◆ **AVAILABLE DATA**:
————————

(* Let $\sigma\ge2$ and let $(v_\circ,\mathcal V,\mathcal E)$ be a rooted connected Toom graph with $\sigma$ charges that is not the trivial Toom graph; let $N:=|V|-1$ and $M:=|\mathcal E|$. Then there exist a unique bijection $\eta:V\to\{0,\dots,N\}$ and incomplete Toom graphs $(\mathcal V'(e),\mathcal E'(e))_{0\le e\le M}$ such that, writing $(\mathcal V(e),\mathcal E(e))$ for the typed directed graph obtained from $(\mathcal V'(e),\mathcal E'(e))$ by relabelling each vertex $u$ as $\eta^{-1}(u)$: (i) $\eta(v_\circ)=0$; (ii) $(\mathcal V'(0),\mathcal E'(0))$ is the trivial incomplete Toom graph and $(\mathcal V(M),\mathcal E(M))=(\mathcal V,\mathcal E)$; (iii) for every $0<e\le M$, $(\mathcal V'(e),\mathcal E'(e))$ is an extension of $(\mathcal V'(e-1),\mathcal E'(e-1))$ at its most urgent loose end.
   Context: A typed directed graph with vertex set $V$, vertex types $A$, edge types $B$ is a pair $(\mathcal V,\mathcal E)$, $\mathcal V\subset V\times A$, $\mathcal E\subset V\times V\times B$ (an element $(v,w,b)$ is a directed edge from $v$ to $w$ of type $b$), with every vertex having at least one type; $V_a$, $\vec E_b$, $\vec E_{b,\rm in}(v)$, $\vec E_{b,\rm out}(v)$ as usual; connected means the underlying undirected graph is connected. A Toom graph with $\sigma$ charges: vertex types $\{\circ,\ast,1,\dots,\sigma\}$, edge types $\{1,\dots,\sigma\}$, with (i) $v\in V_\circ$: no incoming edges and $|\vec E_{1,\rm out}(v)|=\dots=|\vec E_{\sigma,\rm out}(v)|\le1$; (ii) $v\in V_\ast$: no outgoing edges and $|\vec E_{1,\rm in}(v)|=\dots=|\vec E_{\sigma,\rm in}(v)|\le1$; (iii) $v\in V_s$: exactly one incoming and one outgoing edge of charge $s$ and none of other charges. A rooted Toom graph is a triple $(v_\circ,\mathcal V,\mathcal E)$ with $v_\circ\in V_\circ$. The trivial Toom graph: $V_\circ=V_\ast=\{0\}$, no other vertices, no edges. An incomplete Toom graph with $\sigma\ge2$ charges: connected typed directed graph with these type sets, vertex set $\{0,\dots,N\}$, $0\in V_\circ$, such that (i) $v\in V_\circ$: no incoming edges, at most one outgoing edge of each charge; (ii) $v\in V_\ast$: no outgoing edges, at most one incoming of each charge; (iii) $v\in V_s$: at most one incoming and at most one outgoing edge of charge $s$, none of other charges; and either it is the trivial Toom graph or (iv) every $v\in(V_\sigma\cup V_\circ)\setminus\{0\}$ has exactly one outgoing edge of charge $\sigma$; (v) every $v\in V_s$ with $1\le s<\sigma$ has exactly one incoming edge of charge $s$; (vi) every $v\in V_\ast$ has an incoming edge of some charge $1\le s<\sigma$. The trivial incomplete Toom graph has $V=V_\circ=\{0\}$, $V_\ast=\emptyset$, $V_s=\emptyset$, no edges. A loose end is a pair $(v,s)$ with either $v\in V_\circ\cup V_s$, $1\le s<\sigma$, and no outgoing edge of charge $s$ at $v$; or $v\in V_\ast\cup V_\sigma$, $s=\sigma$, and no incoming edge of charge $\sigma$ at $v$. The most urgent loose end is the one with the smallest charge $s$ and, among those, the smallest vertex $v$. An extension of an incomplete Toom graph $(\mathcal V,\mathcal E)$ at a loose end $(v,s)$ is an incomplete Toom graph $(\mathcal V',\mathcal E')$ with $\mathcal V\subset\mathcal V'$, $\mathcal E\subset\mathcal E'$ and $\mathcal E'\setminus\mathcal E$ a single element, of the form $(v,w,s)$ if $s<\sigma$ and $(w,v,\sigma)$ if $s=\sigma$. *)

theory Defs
  imports Main
begin

text \<open>Vertex types: Circ = source type, Star = sink type, Chg s = charge s (1 \<le> s \<le> sigma).
  Edge types are charges, represented as natural numbers in {1..sigma}.\<close>
datatype vty = Circ | Star | Chg nat

definition vtypes :: "nat \<Rightarrow> vty set" where
  "vtypes \<sigma> = {Circ, Star} \<union> Chg ` {1..\<sigma>}"

definition typed_digraph ::
  "'v set \<Rightarrow> 'a set \<Rightarrow> 'b set \<Rightarrow> ('v \<times> 'a) set \<Rightarrow> ('v \<times> 'v \<times> 'b) set \<Rightarrow> bool" where
  "typed_digraph V A B Vs Es \<longleftrightarrow>
     Vs \<subseteq> V \<times> A \<and> Es \<subseteq> V \<times> V \<times> B \<and> (\<forall>v\<in>V. \<exists>a. (v, a) \<in> Vs)"

definition Vty :: "('v \<times> 'a) set \<Rightarrow> 'a \<Rightarrow> 'v set" where
  "Vty Vs a = {v. (v, a) \<in> Vs}"

definition Ein :: "('v \<times> 'v \<times> 'b) set \<Rightarrow> 'b \<Rightarrow> 'v \<Rightarrow> ('v \<times> 'v \<times> 'b) set" where
  "Ein Es b v = {e \<in> Es. \<exists>w. e = (w, v, b)}"

definition Eout :: "('v \<times> 'v \<times> 'b) set \<Rightarrow> 'b \<Rightarrow> 'v \<Rightarrow> ('v \<times> 'v \<times> 'b) set" where
  "Eout Es b v = {e \<in> Es. \<exists>w. e = (v, w, b)}"

definition graph_connected :: "'v set \<Rightarrow> ('v \<times> 'v \<times> 'b) set \<Rightarrow> bool" where
  "graph_connected V Es \<longleftrightarrow>
     (\<forall>v\<in>V. \<forall>w\<in>V. (v, w) \<in> {(x, y). \<exists>b. (x, y, b) \<in> Es \<or> (y, x, b) \<in> Es}\<^sup>*)"

definition toom_graph ::
  "nat \<Rightarrow> 'v set \<Rightarrow> ('v \<times> vty) set \<Rightarrow> ('v \<times> 'v \<times> nat) set \<Rightarrow> bool" where
  "toom_graph \<sigma> V Vs Es \<longleftrightarrow>
     typed_digraph V (vtypes \<sigma>) {1..\<sigma>} Vs Es \<and>
     (\<forall>v\<in>Vty Vs Circ.
        (\<forall>s\<in>{1..\<sigma>}. Ein Es s v = {}) \<and>
        (\<forall>s\<in>{1..\<sigma>}. \<forall>t\<in>{1..\<sigma>}. card (Eout Es s v) = card (Eout Es t v)) \<and>
        (\<forall>s\<in>{1..\<sigma>}. card (Eout Es s v) \<le> 1)) \<and>
     (\<forall>v\<in>Vty Vs Star.
        (\<forall>s\<in>{1..\<sigma>}. Eout Es s v = {}) \<and>
        (\<forall>s\<in>{1..\<sigma>}. \<forall>t\<in>{1..\<sigma>}. card (Ein Es s v) = card (Ein Es t v)) \<and>
        (\<forall>s\<in>{1..\<sigma>}. card (Ein Es s v) \<le> 1)) \<and>
     (\<forall>s\<in>{1..\<sigma>}. \<forall>v\<in>Vty Vs (Chg s).
        card (Ein Es s v) = 1 \<and> card (Eout Es s v) = 1 \<and>
        (\<forall>t\<in>{1..\<sigma>}. t \<noteq> s \<longrightarrow> Ein Es t v = {} \<and> Eout Es t v = {}))"

definition trivial_toom :: "('v \<times> vty) set \<Rightarrow> ('v \<times> 'v \<times> nat) set \<Rightarrow> bool" where
  "trivial_toom Vs Es \<longleftrightarrow> (\<exists>x. Vs = {(x, Circ), (x, Star)} \<and> Es = {})"

definition incomplete_toom ::
  "nat \<Rightarrow> (nat \<times> vty) set \<Rightarrow> (nat \<times> nat \<times> nat) set \<Rightarrow> bool" where
  "incomplete_toom \<sigma> Vs Es \<longleftrightarrow>
    (\<exists>N. typed_digraph {0..N} (vtypes \<sigma>) {1..\<sigma>} Vs Es \<and> graph_connected {0..N} Es) \<and>
    (0, Circ) \<in> Vs \<and>
    (\<forall>v\<in>Vty Vs Circ.
        (\<forall>s\<in>{1..\<sigma>}. Ein Es s v = {}) \<and> (\<forall>s\<in>{1..\<sigma>}. card (Eout Es s v) \<le> 1)) \<and>
    (\<forall>v\<in>Vty Vs Star.
        (\<forall>s\<in>{1..\<sigma>}. Eout Es s v = {}) \<and> (\<forall>s\<in>{1..\<sigma>}. card (Ein Es s v) \<le> 1)) \<and>
    (\<forall>s\<in>{1..\<sigma>}. \<forall>v\<in>Vty Vs (Chg s).
        card (Ein Es s v) \<le> 1 \<and> card (Eout Es s v) \<le> 1 \<and>
        (\<forall>t\<in>{1..\<sigma>}. t \<noteq> s \<longrightarrow> Ein Es t v = {} \<and> Eout Es t v = {})) \<and>
    (Vs = {(0, Circ), (0, Star)} \<and> Es = {} \<or>
      ((\<forall>v\<in>(Vty Vs (Chg \<sigma>) \<union> Vty Vs Circ) - {0}. card (Eout Es \<sigma> v) = 1) \<and>
       (\<forall>s\<in>{1..<\<sigma>}. \<forall>v\<in>Vty Vs (Chg s). card (Ein Es s v) = 1) \<and>
       (\<forall>v\<in>Vty Vs Star. \<exists>s\<in>{1..<\<sigma>}. Ein Es s v \<noteq> {})))"

definition trivial_incomplete_toom :: "(nat \<times> vty) set \<times> (nat \<times> nat \<times> nat) set" where
  "trivial_incomplete_toom = ({(0, Circ)}, {})"

definition loose_end ::
  "nat \<Rightarrow> (nat \<times> vty) set \<Rightarrow> (nat \<times> nat \<times> nat) set \<Rightarrow> nat \<times> nat \<Rightarrow> bool" where
  "loose_end \<sigma> Vs Es vs \<longleftrightarrow> (case vs of (v, s) \<Rightarrow>
     (v \<in> Vty Vs Circ \<union> Vty Vs (Chg s) \<and> 1 \<le> s \<and> s < \<sigma> \<and> Eout Es s v = {}) \<or>
     (v \<in> Vty Vs Star \<union> Vty Vs (Chg \<sigma>) \<and> s = \<sigma> \<and> Ein Es \<sigma> v = {}))"

definition most_urgent_loose_end ::
  "nat \<Rightarrow> (nat \<times> vty) set \<Rightarrow> (nat \<times> nat \<times> nat) set \<Rightarrow> nat \<times> nat \<Rightarrow> bool" where
  "most_urgent_loose_end \<sigma> Vs Es vs \<longleftrightarrow> loose_end \<sigma> Vs Es vs \<and>
     (\<forall>v' s'. loose_end \<sigma> Vs Es (v', s') \<longrightarrow>
        snd vs < s' \<or> (snd vs = s' \<and> fst vs \<le> v'))"

definition extension_at ::
  "nat \<Rightarrow> (nat \<times> vty) set \<times> (nat \<times> nat \<times> nat) set \<Rightarrow> nat \<times> nat
     \<Rightarrow> (nat \<times> vty) set \<times> (nat \<times> nat \<times> nat) set \<Rightarrow> bool" where
  "extension_at \<sigma> G vs G' \<longleftrightarrow> (case G of (Vs, Es) \<Rightarrow> case G' of (Vs', Es') \<Rightarrow> case vs of (v, s) \<Rightarrow>
     incomplete_toom \<sigma> Vs' Es' \<and> Vs \<subseteq> Vs' \<and> Es \<subseteq> Es' \<and>
     (\<exists>w. Es' - Es = {if s < \<sigma> then (v, w, s) else (w, v, \<sigma>)}))"

definition relabel :: "('u \<Rightarrow> 'v) \<Rightarrow> ('u \<times> 'a) set \<times> ('u \<times> 'u \<times> 'b) set
    \<Rightarrow> ('v \<times> 'a) set \<times> ('v \<times> 'v \<times> 'b) set" where
  "relabel f G = ((\<lambda>(u, a). (f u, a)) ` fst G, (\<lambda>(u, w, b). (f u, f w, b)) ` snd G)"

end

(*
  Existence: explore the Toom graph from the root, repeatedly tying the most urgent loose end of
  the incomplete Toom graph built so far with the unique edge of the Toom graph that fits it, and
  label every vertex by the order of its discovery. The exploration only stops once all edges are
  found: if no loose end is left, the edges of charge 1 match every source with a distinct sink and
  the edges of charge sigma match every sink with a distinct source, so both matchings are perfect,
  every edge at an explored vertex has been found, and connectivity gives the whole graph.

  Uniqueness: the most urgent loose end depends only on the incomplete graph, a vertex of a Toom
  graph has at most one edge of each charge in each direction, and a newly discovered vertex gets
  the next free label; so two such sequences coincide step by step, and so do their labellings.
*)

theory Submission
  imports Defs
begin

definition adjacent :: "('v \<times> 'v \<times> 'b) set \<Rightarrow> ('v \<times> 'v) set" where
  "adjacent E = {(x, y). \<exists>b. (x, y, b) \<in> E \<or> (y, x, b) \<in> E}"

lemma adjacent_iff: "(x, y) \<in> adjacent E \<longleftrightarrow> (\<exists>b. (x, y, b) \<in> E \<or> (y, x, b) \<in> E)"
  unfolding adjacent_def by simp

lemma graph_connected_iff_adjacent:
  "graph_connected V E \<longleftrightarrow> (\<forall>v\<in>V. \<forall>w\<in>V. (v, w) \<in> (adjacent E)\<^sup>*)"
  unfolding graph_connected_def adjacent_def by simp

lemma graph_connected_closed_subset:
  assumes "graph_connected V E" "a \<in> V" "a \<in> S"
    and closed: "\<And>x y. (x, y) \<in> adjacent E \<Longrightarrow> x \<in> S \<Longrightarrow> y \<in> S"
  shows "V \<subseteq> S"
proof
  fix w assume "w \<in> V"
  with assms(1,2) have "(a, w) \<in> (adjacent E)\<^sup>*"
    unfolding graph_connected_iff_adjacent by blast
  then show "w \<in> S"
    using \<open>a \<in> S\<close> by (induction rule: rtrancl_induct) (auto intro: closed)
qed

lemma graph_connected_insert:
  assumes conn: "graph_connected A E" and "E \<subseteq> E'" "a \<in> A" "(a, x) \<in> adjacent E'"
  shows "graph_connected (insert x A) E'"
proof -
  let ?R = "(adjacent E')\<^sup>*"
  have sym: "(q, p) \<in> ?R" if "(p, q) \<in> ?R" for p q
  proof -
    have "sym (adjacent E')" unfolding adjacent_def sym_def by blast
    then show ?thesis using that by (meson sym_rtrancl symD)
  qed
  have "adjacent E \<subseteq> adjacent E'" using \<open>E \<subseteq> E'\<close> unfolding adjacent_def by blast
  then have "(a, p) \<in> ?R" if "p \<in> insert x A" for p
    using that conn \<open>a \<in> A\<close> \<open>(a, x) \<in> adjacent E'\<close> rtrancl_mono
    unfolding graph_connected_iff_adjacent by blast
  then show ?thesis
    unfolding graph_connected_iff_adjacent by (meson sym rtrancl_trans)
qed

lemma card_Domain_eq_card_Range:
  assumes "\<And>x y y'. (x, y) \<in> R \<Longrightarrow> (x, y') \<in> R \<Longrightarrow> y = y'"
    and "\<And>x x' y. (x, y) \<in> R \<Longrightarrow> (x', y) \<in> R \<Longrightarrow> x = x'"
  shows "card (Domain R) = card (Range R)"
proof -
  have "inj_on fst R" "inj_on snd R"
    using assms by (auto intro!: inj_onI)
  then show ?thesis
    by (simp add: Domain_fst Range_snd card_image)
qed

lemma card_Domain_Range_balance:
  assumes "finite R"
    and "\<And>x y y'. (x, y) \<in> R \<Longrightarrow> (x, y') \<in> R \<Longrightarrow> y = y'"
    and "\<And>x x' y. (x, y) \<in> R \<Longrightarrow> (x', y) \<in> R \<Longrightarrow> x = x'"
    and "Domain R = A \<union> K" "Range R = B \<union> K" "A \<inter> K = {}" "B \<inter> K = {}"
  shows "card A = card B"
proof -
  have fin: "finite (Domain R)" "finite (Range R)"
    using \<open>finite R\<close> by (simp_all add: Domain_fst Range_snd)
  have "card A + card K = card B + card K"
    using card_Domain_eq_card_Range[of R, OF assms(2,3)] fin assms(4-7)
    by (simp add: card_Un_disjoint)
  then show ?thesis by simp
qed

————————

◆ **PROBLEM REQUIREMENTS**:
All lines carrying the word "finite" must be copied from the data above.

◆ **ANSWER FOR THE TASK**:
  assumes "finite R"
  have fin: "finite (Domain R)" "finite (Range R)"
    using \<open>finite R\<close> by (simp_all add: Domain_fst Range_snd)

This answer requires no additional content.